— TASK PROMPT —
Locate, in the data below, the line that contains "unfolding p3_poly_def using" and the line that contains "m 2] by simp"; reproduce exactly those two lines and every line between them, nothing more.

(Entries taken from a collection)
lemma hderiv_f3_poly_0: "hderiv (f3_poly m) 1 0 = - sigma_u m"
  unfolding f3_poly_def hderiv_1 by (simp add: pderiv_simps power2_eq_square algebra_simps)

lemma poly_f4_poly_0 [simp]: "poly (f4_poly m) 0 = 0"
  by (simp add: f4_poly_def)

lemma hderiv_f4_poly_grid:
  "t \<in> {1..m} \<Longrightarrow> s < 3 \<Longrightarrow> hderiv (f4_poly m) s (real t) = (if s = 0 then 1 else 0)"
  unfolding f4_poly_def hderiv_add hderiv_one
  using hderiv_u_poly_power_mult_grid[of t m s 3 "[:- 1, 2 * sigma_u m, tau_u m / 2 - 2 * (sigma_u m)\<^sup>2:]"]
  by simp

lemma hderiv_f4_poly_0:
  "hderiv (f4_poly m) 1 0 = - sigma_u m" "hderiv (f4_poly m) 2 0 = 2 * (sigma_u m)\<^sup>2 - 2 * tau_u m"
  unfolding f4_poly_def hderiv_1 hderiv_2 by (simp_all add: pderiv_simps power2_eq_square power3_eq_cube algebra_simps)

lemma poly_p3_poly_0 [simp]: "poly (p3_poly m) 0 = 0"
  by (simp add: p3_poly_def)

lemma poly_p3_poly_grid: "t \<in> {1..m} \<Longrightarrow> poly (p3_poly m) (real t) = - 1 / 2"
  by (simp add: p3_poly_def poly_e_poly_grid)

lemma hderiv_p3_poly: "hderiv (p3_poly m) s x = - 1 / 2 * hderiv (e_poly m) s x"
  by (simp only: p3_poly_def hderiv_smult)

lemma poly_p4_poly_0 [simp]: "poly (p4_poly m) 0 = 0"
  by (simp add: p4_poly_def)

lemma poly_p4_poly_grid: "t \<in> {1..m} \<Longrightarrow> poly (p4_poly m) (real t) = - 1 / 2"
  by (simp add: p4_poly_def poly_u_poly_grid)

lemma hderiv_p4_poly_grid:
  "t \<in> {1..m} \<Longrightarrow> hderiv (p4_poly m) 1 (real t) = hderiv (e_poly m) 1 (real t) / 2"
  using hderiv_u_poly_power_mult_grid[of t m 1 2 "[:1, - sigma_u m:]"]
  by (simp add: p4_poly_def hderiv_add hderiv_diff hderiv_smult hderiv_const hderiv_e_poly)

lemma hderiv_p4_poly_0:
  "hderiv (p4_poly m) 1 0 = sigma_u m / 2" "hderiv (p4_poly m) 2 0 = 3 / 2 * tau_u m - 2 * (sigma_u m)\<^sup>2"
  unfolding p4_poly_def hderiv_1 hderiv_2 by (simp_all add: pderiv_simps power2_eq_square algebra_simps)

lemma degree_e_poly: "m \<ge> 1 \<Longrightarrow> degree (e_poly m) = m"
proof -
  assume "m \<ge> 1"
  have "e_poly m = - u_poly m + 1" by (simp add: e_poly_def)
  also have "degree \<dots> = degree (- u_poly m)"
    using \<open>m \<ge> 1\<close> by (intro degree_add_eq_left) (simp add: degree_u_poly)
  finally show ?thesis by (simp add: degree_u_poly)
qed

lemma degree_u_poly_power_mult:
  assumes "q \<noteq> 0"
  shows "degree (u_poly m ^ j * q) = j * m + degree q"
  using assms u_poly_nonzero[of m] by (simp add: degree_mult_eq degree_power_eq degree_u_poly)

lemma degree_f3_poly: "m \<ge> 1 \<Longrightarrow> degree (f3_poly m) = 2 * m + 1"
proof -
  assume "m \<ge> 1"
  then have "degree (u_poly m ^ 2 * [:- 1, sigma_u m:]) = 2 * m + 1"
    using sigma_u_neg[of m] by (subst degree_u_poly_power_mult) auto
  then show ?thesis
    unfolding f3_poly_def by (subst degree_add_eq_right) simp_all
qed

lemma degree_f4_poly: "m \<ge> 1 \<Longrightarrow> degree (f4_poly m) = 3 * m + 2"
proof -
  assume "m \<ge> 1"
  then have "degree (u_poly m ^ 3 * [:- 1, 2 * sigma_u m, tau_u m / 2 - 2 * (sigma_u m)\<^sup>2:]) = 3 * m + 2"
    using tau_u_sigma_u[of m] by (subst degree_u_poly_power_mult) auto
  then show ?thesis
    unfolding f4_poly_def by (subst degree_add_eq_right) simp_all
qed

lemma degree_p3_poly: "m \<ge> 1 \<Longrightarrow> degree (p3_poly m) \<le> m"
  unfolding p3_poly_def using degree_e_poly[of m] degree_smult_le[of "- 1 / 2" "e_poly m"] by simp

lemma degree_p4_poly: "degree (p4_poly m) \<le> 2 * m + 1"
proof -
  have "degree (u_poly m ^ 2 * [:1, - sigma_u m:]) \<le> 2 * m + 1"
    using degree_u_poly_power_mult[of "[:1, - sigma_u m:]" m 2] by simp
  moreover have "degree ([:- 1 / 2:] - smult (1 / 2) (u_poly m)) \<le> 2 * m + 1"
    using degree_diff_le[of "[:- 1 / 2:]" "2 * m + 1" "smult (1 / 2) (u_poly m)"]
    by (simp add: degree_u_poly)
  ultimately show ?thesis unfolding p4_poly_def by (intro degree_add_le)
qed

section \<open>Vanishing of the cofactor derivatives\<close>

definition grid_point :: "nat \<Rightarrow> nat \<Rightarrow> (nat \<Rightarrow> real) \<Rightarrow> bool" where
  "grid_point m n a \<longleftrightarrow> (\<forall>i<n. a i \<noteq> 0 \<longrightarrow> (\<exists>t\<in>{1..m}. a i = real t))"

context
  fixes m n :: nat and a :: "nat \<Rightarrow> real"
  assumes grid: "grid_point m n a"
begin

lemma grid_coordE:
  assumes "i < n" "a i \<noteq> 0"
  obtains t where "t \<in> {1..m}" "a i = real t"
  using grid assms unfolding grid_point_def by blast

* * *

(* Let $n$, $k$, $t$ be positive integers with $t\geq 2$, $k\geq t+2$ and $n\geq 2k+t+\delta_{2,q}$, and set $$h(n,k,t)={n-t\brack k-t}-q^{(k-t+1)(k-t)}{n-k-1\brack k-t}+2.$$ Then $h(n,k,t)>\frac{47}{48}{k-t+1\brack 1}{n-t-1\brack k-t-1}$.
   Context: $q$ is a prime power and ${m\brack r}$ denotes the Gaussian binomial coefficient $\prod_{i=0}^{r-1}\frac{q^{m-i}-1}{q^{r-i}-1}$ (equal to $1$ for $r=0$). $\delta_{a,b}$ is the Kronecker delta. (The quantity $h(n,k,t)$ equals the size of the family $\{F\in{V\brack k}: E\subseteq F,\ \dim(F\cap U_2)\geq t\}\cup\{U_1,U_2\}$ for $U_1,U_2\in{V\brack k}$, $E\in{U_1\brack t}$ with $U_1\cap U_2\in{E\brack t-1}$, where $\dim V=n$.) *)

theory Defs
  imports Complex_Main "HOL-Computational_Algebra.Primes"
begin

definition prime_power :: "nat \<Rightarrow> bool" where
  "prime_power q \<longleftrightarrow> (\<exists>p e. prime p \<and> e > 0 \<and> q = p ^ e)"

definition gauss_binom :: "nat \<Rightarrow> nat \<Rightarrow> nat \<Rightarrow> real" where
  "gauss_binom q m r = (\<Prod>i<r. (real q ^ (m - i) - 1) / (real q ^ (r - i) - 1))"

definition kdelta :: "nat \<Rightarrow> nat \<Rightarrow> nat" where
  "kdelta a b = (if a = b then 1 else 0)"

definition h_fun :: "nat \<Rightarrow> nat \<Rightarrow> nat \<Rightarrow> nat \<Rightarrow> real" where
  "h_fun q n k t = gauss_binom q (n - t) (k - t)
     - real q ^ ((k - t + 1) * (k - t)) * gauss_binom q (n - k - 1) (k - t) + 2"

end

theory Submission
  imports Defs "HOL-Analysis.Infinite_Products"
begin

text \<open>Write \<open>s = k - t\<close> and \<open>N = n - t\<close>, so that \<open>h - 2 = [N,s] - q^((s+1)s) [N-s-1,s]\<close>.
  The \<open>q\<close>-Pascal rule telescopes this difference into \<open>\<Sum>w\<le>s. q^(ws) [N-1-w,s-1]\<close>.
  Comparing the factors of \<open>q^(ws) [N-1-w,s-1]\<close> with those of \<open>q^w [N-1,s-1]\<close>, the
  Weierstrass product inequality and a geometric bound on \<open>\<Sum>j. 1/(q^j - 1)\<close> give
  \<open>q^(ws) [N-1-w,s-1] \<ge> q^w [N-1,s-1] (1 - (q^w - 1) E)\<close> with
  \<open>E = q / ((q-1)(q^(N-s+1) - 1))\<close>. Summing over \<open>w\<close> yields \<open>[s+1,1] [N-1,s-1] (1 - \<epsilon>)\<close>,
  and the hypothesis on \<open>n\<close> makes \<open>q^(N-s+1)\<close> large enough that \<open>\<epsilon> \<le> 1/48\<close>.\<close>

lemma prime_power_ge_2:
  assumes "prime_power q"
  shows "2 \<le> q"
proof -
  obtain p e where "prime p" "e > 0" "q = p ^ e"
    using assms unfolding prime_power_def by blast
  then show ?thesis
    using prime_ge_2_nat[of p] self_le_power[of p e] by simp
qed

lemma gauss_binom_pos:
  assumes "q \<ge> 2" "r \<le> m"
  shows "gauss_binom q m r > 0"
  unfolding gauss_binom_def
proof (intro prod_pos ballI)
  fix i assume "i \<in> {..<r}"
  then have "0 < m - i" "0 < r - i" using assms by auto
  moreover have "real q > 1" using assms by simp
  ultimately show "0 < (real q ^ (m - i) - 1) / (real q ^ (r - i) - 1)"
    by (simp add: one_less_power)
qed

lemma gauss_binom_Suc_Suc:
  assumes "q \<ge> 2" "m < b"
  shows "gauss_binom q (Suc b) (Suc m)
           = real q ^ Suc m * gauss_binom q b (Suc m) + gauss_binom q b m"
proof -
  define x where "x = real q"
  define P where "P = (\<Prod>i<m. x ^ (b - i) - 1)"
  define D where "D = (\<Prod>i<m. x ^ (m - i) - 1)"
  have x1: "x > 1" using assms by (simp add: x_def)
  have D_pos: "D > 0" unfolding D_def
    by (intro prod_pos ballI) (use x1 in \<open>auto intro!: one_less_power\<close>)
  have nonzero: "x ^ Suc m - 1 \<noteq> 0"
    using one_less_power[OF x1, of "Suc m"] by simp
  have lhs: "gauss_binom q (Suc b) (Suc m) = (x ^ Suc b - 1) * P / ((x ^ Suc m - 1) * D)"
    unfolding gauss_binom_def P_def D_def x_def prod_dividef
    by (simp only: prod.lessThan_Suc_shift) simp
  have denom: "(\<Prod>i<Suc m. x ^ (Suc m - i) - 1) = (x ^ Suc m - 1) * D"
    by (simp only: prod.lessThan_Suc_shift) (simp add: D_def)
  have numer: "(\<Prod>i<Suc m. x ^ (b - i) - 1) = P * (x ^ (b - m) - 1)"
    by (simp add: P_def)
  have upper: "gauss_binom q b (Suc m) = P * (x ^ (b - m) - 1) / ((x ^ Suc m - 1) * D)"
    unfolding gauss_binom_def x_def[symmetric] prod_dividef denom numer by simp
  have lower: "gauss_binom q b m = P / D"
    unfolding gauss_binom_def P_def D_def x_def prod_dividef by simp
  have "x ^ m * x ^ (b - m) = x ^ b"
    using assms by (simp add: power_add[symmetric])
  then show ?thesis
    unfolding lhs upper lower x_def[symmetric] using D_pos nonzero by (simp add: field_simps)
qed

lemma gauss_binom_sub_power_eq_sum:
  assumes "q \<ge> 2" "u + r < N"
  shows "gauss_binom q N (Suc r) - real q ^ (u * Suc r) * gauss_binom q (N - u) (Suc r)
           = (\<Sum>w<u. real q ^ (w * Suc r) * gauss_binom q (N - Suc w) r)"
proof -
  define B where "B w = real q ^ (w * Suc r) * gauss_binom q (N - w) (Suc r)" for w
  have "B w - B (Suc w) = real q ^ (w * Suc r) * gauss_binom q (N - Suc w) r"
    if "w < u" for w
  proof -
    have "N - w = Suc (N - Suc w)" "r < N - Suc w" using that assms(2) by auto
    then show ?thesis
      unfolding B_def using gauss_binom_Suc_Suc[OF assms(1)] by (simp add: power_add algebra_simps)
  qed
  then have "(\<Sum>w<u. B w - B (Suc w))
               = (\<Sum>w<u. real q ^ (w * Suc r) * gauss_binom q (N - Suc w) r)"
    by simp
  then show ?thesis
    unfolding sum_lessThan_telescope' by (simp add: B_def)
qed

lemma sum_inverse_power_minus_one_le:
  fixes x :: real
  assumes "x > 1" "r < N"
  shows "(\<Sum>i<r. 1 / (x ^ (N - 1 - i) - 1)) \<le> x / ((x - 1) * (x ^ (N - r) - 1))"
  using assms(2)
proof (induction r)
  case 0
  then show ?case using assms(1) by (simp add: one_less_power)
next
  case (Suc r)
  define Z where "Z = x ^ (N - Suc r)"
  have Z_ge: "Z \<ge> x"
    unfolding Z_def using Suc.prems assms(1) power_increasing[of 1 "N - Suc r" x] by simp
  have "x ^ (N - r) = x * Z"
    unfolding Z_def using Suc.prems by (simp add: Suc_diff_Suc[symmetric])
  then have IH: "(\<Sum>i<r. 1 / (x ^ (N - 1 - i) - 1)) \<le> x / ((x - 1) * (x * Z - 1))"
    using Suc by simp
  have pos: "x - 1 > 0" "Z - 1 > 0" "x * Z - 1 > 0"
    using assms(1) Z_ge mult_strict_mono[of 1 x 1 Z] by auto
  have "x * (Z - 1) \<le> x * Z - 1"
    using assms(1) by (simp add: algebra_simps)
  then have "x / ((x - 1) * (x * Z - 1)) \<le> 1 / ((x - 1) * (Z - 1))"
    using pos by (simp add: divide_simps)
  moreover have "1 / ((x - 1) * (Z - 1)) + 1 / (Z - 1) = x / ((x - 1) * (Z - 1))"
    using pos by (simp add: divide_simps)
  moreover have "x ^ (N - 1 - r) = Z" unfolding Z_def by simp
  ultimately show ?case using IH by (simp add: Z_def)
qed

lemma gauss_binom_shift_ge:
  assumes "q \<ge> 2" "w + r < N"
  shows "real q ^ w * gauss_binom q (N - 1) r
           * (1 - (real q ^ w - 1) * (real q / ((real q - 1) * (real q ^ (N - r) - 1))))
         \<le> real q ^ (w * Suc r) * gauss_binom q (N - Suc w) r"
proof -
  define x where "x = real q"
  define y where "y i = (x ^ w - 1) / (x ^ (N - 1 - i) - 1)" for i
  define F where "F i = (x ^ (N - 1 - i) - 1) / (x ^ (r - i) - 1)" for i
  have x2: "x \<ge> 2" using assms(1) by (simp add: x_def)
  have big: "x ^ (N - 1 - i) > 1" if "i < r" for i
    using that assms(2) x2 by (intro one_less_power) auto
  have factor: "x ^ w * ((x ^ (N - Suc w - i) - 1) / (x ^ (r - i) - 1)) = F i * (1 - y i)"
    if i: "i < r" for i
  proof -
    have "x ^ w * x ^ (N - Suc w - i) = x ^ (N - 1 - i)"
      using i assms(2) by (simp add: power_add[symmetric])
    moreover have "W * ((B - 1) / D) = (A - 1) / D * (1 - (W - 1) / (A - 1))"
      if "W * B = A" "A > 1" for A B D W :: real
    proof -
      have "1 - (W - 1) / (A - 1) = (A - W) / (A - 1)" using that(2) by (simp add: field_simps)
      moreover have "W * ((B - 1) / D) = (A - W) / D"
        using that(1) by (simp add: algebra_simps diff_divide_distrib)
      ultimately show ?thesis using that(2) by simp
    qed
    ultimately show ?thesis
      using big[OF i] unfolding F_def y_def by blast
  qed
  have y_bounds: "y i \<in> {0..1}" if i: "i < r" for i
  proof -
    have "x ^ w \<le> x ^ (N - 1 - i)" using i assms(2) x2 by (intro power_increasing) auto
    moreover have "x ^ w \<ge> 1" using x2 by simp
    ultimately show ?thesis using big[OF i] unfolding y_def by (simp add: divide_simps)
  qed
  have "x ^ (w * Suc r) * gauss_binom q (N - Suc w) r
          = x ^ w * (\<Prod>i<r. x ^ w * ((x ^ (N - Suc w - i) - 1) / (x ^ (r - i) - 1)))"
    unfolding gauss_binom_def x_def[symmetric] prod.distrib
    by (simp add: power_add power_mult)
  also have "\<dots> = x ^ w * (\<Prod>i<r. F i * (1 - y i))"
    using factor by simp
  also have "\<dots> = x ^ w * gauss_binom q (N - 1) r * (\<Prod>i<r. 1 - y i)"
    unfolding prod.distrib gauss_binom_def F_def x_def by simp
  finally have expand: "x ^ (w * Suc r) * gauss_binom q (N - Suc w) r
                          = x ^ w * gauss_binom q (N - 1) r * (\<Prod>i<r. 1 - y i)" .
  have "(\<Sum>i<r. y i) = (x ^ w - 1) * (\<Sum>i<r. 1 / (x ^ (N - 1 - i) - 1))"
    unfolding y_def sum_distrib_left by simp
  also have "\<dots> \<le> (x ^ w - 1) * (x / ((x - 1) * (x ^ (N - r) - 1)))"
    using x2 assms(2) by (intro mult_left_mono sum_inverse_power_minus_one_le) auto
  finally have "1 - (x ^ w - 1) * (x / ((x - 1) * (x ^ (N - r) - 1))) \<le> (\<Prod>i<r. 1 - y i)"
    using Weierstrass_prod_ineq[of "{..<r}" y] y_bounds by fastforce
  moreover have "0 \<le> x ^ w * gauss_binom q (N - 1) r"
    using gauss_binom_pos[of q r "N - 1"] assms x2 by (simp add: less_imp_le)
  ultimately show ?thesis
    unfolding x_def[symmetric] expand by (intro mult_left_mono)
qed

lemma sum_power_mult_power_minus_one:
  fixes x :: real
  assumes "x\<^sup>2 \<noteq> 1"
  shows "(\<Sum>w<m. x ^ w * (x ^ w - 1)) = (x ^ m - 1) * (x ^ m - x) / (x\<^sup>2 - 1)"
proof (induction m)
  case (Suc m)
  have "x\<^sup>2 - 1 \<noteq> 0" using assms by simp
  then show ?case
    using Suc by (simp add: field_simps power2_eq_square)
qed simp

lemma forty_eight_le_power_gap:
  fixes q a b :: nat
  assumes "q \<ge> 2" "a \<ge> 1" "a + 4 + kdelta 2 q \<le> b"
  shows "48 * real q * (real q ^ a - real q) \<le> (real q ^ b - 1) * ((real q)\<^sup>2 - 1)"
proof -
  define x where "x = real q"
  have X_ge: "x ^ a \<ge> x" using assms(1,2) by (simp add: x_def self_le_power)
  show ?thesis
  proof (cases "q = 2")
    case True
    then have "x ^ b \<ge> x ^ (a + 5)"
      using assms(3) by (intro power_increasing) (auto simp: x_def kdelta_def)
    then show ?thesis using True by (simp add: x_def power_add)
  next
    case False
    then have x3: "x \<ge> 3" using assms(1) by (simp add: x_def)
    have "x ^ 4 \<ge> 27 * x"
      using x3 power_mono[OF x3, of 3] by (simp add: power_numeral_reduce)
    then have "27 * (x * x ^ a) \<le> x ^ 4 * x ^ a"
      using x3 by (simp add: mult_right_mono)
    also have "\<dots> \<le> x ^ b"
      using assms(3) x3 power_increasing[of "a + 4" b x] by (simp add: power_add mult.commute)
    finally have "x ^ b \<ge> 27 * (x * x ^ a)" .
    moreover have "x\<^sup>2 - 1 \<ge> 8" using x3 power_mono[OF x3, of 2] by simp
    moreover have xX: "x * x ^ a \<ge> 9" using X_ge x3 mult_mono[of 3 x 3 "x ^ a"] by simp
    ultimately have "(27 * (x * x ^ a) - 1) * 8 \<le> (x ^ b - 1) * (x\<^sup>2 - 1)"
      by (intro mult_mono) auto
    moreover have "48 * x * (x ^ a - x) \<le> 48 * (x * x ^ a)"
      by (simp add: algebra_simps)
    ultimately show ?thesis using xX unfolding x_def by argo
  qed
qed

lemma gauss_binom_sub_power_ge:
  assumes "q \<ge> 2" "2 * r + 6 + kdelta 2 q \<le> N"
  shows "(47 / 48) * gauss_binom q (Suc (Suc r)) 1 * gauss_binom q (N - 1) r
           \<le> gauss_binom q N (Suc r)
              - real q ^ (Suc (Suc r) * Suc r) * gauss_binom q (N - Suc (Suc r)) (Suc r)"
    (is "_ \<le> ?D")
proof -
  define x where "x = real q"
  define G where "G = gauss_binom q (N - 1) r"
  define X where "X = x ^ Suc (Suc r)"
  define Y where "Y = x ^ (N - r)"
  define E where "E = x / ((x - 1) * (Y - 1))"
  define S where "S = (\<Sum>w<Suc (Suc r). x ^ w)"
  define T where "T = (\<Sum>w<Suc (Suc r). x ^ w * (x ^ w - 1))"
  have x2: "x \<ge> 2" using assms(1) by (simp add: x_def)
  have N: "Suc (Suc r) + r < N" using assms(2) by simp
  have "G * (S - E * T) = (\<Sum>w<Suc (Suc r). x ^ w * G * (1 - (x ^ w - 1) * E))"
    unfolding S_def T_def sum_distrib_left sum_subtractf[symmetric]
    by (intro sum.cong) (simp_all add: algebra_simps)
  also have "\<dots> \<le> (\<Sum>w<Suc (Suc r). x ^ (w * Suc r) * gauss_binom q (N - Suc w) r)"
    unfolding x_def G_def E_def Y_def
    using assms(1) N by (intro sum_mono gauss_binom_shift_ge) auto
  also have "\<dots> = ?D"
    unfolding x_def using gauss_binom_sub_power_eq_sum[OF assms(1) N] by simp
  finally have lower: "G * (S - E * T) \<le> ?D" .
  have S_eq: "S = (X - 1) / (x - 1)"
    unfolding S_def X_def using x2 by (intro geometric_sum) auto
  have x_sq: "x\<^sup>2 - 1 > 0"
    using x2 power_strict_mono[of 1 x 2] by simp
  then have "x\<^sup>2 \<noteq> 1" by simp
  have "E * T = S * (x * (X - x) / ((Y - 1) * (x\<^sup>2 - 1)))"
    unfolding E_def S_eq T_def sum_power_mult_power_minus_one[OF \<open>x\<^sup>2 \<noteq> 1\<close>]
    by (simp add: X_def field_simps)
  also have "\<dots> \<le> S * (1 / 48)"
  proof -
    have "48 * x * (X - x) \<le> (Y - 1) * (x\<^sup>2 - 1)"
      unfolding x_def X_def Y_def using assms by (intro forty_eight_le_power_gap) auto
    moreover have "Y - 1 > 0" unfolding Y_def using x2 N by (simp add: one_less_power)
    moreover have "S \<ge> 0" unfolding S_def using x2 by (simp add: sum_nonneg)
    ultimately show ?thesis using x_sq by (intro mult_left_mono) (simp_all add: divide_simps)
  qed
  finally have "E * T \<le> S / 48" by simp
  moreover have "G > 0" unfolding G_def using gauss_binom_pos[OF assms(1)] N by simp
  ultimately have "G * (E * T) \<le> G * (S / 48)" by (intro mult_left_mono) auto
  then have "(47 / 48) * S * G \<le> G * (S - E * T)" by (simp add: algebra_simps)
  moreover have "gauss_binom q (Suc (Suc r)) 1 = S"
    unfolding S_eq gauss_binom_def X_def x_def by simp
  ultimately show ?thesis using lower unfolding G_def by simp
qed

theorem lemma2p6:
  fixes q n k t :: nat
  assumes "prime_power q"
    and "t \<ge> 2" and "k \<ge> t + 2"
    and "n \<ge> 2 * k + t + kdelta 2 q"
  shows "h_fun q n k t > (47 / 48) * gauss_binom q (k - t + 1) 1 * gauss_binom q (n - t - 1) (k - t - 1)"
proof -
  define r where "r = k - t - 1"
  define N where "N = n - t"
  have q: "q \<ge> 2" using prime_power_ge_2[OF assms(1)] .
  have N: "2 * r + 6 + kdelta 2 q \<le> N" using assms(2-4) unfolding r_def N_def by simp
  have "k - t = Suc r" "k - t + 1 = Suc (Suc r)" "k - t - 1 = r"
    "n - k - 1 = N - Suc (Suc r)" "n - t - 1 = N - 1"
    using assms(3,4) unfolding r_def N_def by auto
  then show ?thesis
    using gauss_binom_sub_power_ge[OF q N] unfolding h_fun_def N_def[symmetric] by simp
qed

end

— EXERCISE SOLUTION —
  unfolding p3_poly_def using degree_e_poly[of m] degree_smult_le[of "- 1 / 2" "e_poly m"] by simp

lemma degree_p4_poly: "degree (p4_poly m) \<le> 2 * m + 1"
proof -
  have "degree (u_poly m ^ 2 * [:1, - sigma_u m:]) \<le> 2 * m + 1"
    using degree_u_poly_power_mult[of "[:1, - sigma_u m:]" m 2] by simp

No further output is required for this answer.